WHAT YOU WILL DO. Take the lines below from the first through the one that contains "define g where" and copy them exactly.

*** INFORMATION PROVIDED Section Begins ***

lemma has_sum_diagonal_sums:
  fixes f :: "nat \<times> nat \<Rightarrow> 'a::{topological_comm_monoid_add, t3_space}"
  assumes "(f has_sum s) UNIV"
  shows "(\<lambda>n. \<Sum>i\<le>n. f (i, n - i)) sums s"
proof -
  define g where "g q = (snd q, fst q - snd q)" for q :: "nat \<times> nat"
  have "bij_betw g (SIGMA n:UNIV. {..n}) UNIV"
    unfolding g_def by (rule bij_betw_byWitness[where f' = "\<lambda>q. (fst q + snd q, fst q)"]) force+
  then have "((\<lambda>q. f (g q)) has_sum s) (SIGMA n:UNIV. {..n})"
    using assms by (simp only: has_sum_reindex_bij_betw)
  moreover have "((\<lambda>i. f (g (n, i))) has_sum (\<Sum>i\<le>n. f (i, n - i))) {..n}" for n
    using has_sum_finite[of "{..n}" "\<lambda>i. f (i, n - i)"] by (simp add: g_def)
  ultimately have "((\<lambda>n. \<Sum>i\<le>n. f (i, n - i)) has_sum s) UNIV"
    by (rule has_sum_SigmaD)
  then show ?thesis
    by (rule has_sum_imp_sums)
qed

lemma hom_part_sums:
  assumes "((\<lambda>(i, j). c i j * fst z ^ i * snd z ^ j) has_sum s) UNIV"
  shows "(\<lambda>n. hom_part c n z) sums s"
  using has_sum_diagonal_sums[OF assms] by (simp add: hom_part_def)

lemma summable_of_nat_times_smaller_radius:
  fixes b :: "nat \<Rightarrow> real"
  assumes "summable (\<lambda>n. b n * R ^ n)" and "\<And>n. b n \<ge> 0" and "0 \<le> s" "s < R"
  shows "summable (\<lambda>n. real n * b n * s ^ n)"
proof -
  have "(\<lambda>n. real n * (s / R) ^ n) \<longlonglongrightarrow> 0"
    by (rule powser_times_n_limit_0) (use assms(3,4) in auto)
  from LIMSEQ_D[OF this, of 1] obtain N where N: "\<And>n. n \<ge> N \<Longrightarrow> \<bar>real n * (s / R) ^ n\<bar> < 1"
    by auto
  show ?thesis
  proof (rule summable_comparison_test'[OF assms(1)])
    fix n assume "N \<le> n"
    then have "real n * (s / R) ^ n \<le> 1"
      using N by fastforce
    then have "b n * R ^ n * (real n * (s / R) ^ n) \<le> b n * R ^ n"
      using assms(2)[of n] assms(3,4) by (simp add: mult_left_le)
    then show "norm (real n * b n * s ^ n) \<le> b n * R ^ n"
      using assms(2)[of n] assms(3,4) by (simp add: power_divide abs_mult mult_ac)
  qed
qed

lemma has_derivative_series_Mtest:
  fixes f :: "nat \<Rightarrow> 'a::real_normed_vector \<Rightarrow> 'b::banach"
  assumes "convex S"
    and deriv: "\<And>n x. x \<in> S \<Longrightarrow> (f n has_derivative f' n x) (at x within S)"
    and bound: "\<And>n x h. x \<in> S \<Longrightarrow> norm (f' n x h) \<le> B n * norm h"
    and "summable B" and "a \<in> S" and "(\<lambda>n. f n a) sums l"
  shows "\<exists>g. \<forall>x\<in>S. (\<lambda>n. f n x) sums g x \<and> (g has_derivative (\<lambda>h. \<Sum>n. f' n x h)) (at x within S)"
proof (rule has_derivative_series[OF \<open>convex S\<close> deriv _ \<open>a \<in> S\<close> \<open>(\<lambda>n. f n a) sums l\<close>])
  fix e :: real assume "e > 0"
  then obtain N where N: "\<And>n. n \<ge> N \<Longrightarrow> norm (\<Sum>i. B (i + n)) < e"
    using suminf_exist_split[OF _ \<open>summable B\<close>] by blast
  have tail: "norm ((\<Sum>i<n. f' i x h) - (\<Sum>n. f' n x h)) \<le> e * norm h"
    if "N \<le> n" "x \<in> S" for n x h
  proof -
    have sB: "summable (\<lambda>i. B (i + n) * norm h)"
      using summable_mult2[OF \<open>summable B\<close>, of "norm h"] by (subst summable_iff_shift) simp
    have sf: "summable (\<lambda>i. norm (f' (i + n) x h))"
      by (rule summable_comparison_test'[OF sB]) (use bound \<open>x \<in> S\<close> in auto)
    have "summable (\<lambda>i. f' i x h)"
      using sf by (subst summable_iff_shift[symmetric, of _ n]) (rule summable_norm_cancel)
    then have "norm ((\<Sum>i<n. f' i x h) - (\<Sum>n. f' n x h)) = norm (\<Sum>i. f' (i + n) x h)"
      by (subst suminf_split_initial_segment[of _ n]) (simp_all add: norm_minus_commute)
    also have "\<dots> \<le> (\<Sum>i. norm (f' (i + n) x h))"
      by (rule summable_norm[OF sf])
    also have "\<dots> \<le> (\<Sum>i. B (i + n) * norm h)"
      by (rule suminf_le[OF _ sf sB]) (use bound \<open>x \<in> S\<close> in auto)
    also have "\<dots> = (\<Sum>i. B (i + n)) * norm h"
      by (rule suminf_mult2[symmetric]) (use \<open>summable B\<close> in simp)
    also have "\<dots> \<le> e * norm h"
      using N[OF \<open>N \<le> n\<close>] by (intro mult_right_mono) auto
    finally show ?thesis .
  qed
  then show "\<forall>\<^sub>F n in sequentially. \<forall>x\<in>S. \<forall>h. norm ((\<Sum>i<n. f' i x h) - (\<Sum>n. f' n x h)) \<le> e * norm h"
    unfolding eventually_sequentially by blast
qed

*** INFORMATION PROVIDED Section Ends ***

OUTPUT FOR THIS TASK.
lemma has_sum_diagonal_sums:
  fixes f :: "nat \<times> nat \<Rightarrow> 'a::{topological_comm_monoid_add, t3_space}"
  assumes "(f has_sum s) UNIV"
  shows "(\<lambda>n. \<Sum>i\<le>n. f (i, n - i)) sums s"
proof -
  define g where "g q = (snd q, fst q - snd q)" for q :: "nat \<times> nat"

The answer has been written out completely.